<<<<

lemma (in prob_space) covariance_uniform_measure:
  fixes X Y :: "'a \<Rightarrow> real"
  assumes S: "S \<in> sets M" "measure M S > 0"
    and "integrable M X" "integrable M Y" "integrable M (\<lambda>\<omega>. X \<omega> * Y \<omega>)"
  shows "covariance (uniform_measure M S) X Y
    = integral\<^sup>L M (\<lambda>\<omega>. indicator S \<omega> * (X \<omega> * Y \<omega>)) / measure M S
      - integral\<^sup>L M (\<lambda>\<omega>. indicator S \<omega> * X \<omega>) * integral\<^sup>L M (\<lambda>\<omega>. indicator S \<omega> * Y \<omega>)
        / (measure M S)\<^sup>2"
proof -
  interpret U: prob_space "uniform_measure M S"
    using S by (intro prob_space_uniform_measure) (auto simp: emeasure_eq_measure)
  show ?thesis
    using assms by (simp add: U.covariance_eq integrable_uniform_measure integral_uniform_measure
        power2_eq_square)
qed

lemma (in prob_space) covariance_mult_zero_one:
  fixes U V X Y :: "'a \<Rightarrow> real"
  assumes "AE \<omega> in M. U \<omega> = 0 \<or> U \<omega> = 1" "AE \<omega> in M. V \<omega> = 0 \<or> V \<omega> = 1"
    and [measurable]: "U \<in> borel_measurable M" "V \<in> borel_measurable M"
    and "integrable M X" "integrable M Y" "integrable M (\<lambda>\<omega>. X \<omega> * Y \<omega>)"
  shows "covariance M (\<lambda>\<omega>. U \<omega> * X \<omega>) (\<lambda>\<omega>. V \<omega> * Y \<omega>)
    = expectation (\<lambda>\<omega>. indicator {\<omega>\<in>space M. U \<omega> = 1 \<and> V \<omega> = 1} \<omega> * (X \<omega> * Y \<omega>))
      - expectation (\<lambda>\<omega>. indicator {\<omega>\<in>space M. U \<omega> = 1} \<omega> * X \<omega>)
        * expectation (\<lambda>\<omega>. indicator {\<omega>\<in>space M. V \<omega> = 1} \<omega> * Y \<omega>)"
proof -
  let ?S = "{\<omega>\<in>space M. U \<omega> = 1}" and ?T = "{\<omega>\<in>space M. V \<omega> = 1}"
  have [measurable]: "X \<in> borel_measurable M" "Y \<in> borel_measurable M"
    using assms(5,6) by auto
  have prod: "(\<lambda>\<omega>. indicator ?S \<omega> * X \<omega> * (indicator ?T \<omega> * Y \<omega>))
      = (\<lambda>\<omega>. indicator {\<omega>\<in>space M. U \<omega> = 1 \<and> V \<omega> = 1} \<omega> * (X \<omega> * Y \<omega>))"
    by (auto split: split_indicator)
  have "AE \<omega> in M. U \<omega> * X \<omega> = indicator ?S \<omega> * X \<omega>"
    using assms(1) AE_space by eventually_elim (auto split: split_indicator)
  moreover have "AE \<omega> in M. V \<omega> * Y \<omega> = indicator ?T \<omega> * Y \<omega>"
    using assms(2) AE_space by eventually_elim (auto split: split_indicator)
  ultimately have "covariance M (\<lambda>\<omega>. U \<omega> * X \<omega>) (\<lambda>\<omega>. V \<omega> * Y \<omega>)
      = covariance M (\<lambda>\<omega>. indicator ?S \<omega> * X \<omega>) (\<lambda>\<omega>. indicator ?T \<omega> * Y \<omega>)"
    by (rule covariance_cong_AE) measurable
  also have "\<dots> = expectation (\<lambda>\<omega>. indicator ?S \<omega> * X \<omega> * (indicator ?T \<omega> * Y \<omega>))
      - expectation (\<lambda>\<omega>. indicator ?S \<omega> * X \<omega>) * expectation (\<lambda>\<omega>. indicator ?T \<omega> * Y \<omega>)"
    by (rule covariance_eq) (use assms(5-7) in \<open>simp_all add: prod integrable_indicator_mult\<close>)
  finally show ?thesis
    by (simp only: prod)
qed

>>>>

* _Task goal_:
Could you work out how many lines of the data above contain the word "assumes"? Give only the number.

* _Worked solution_:
2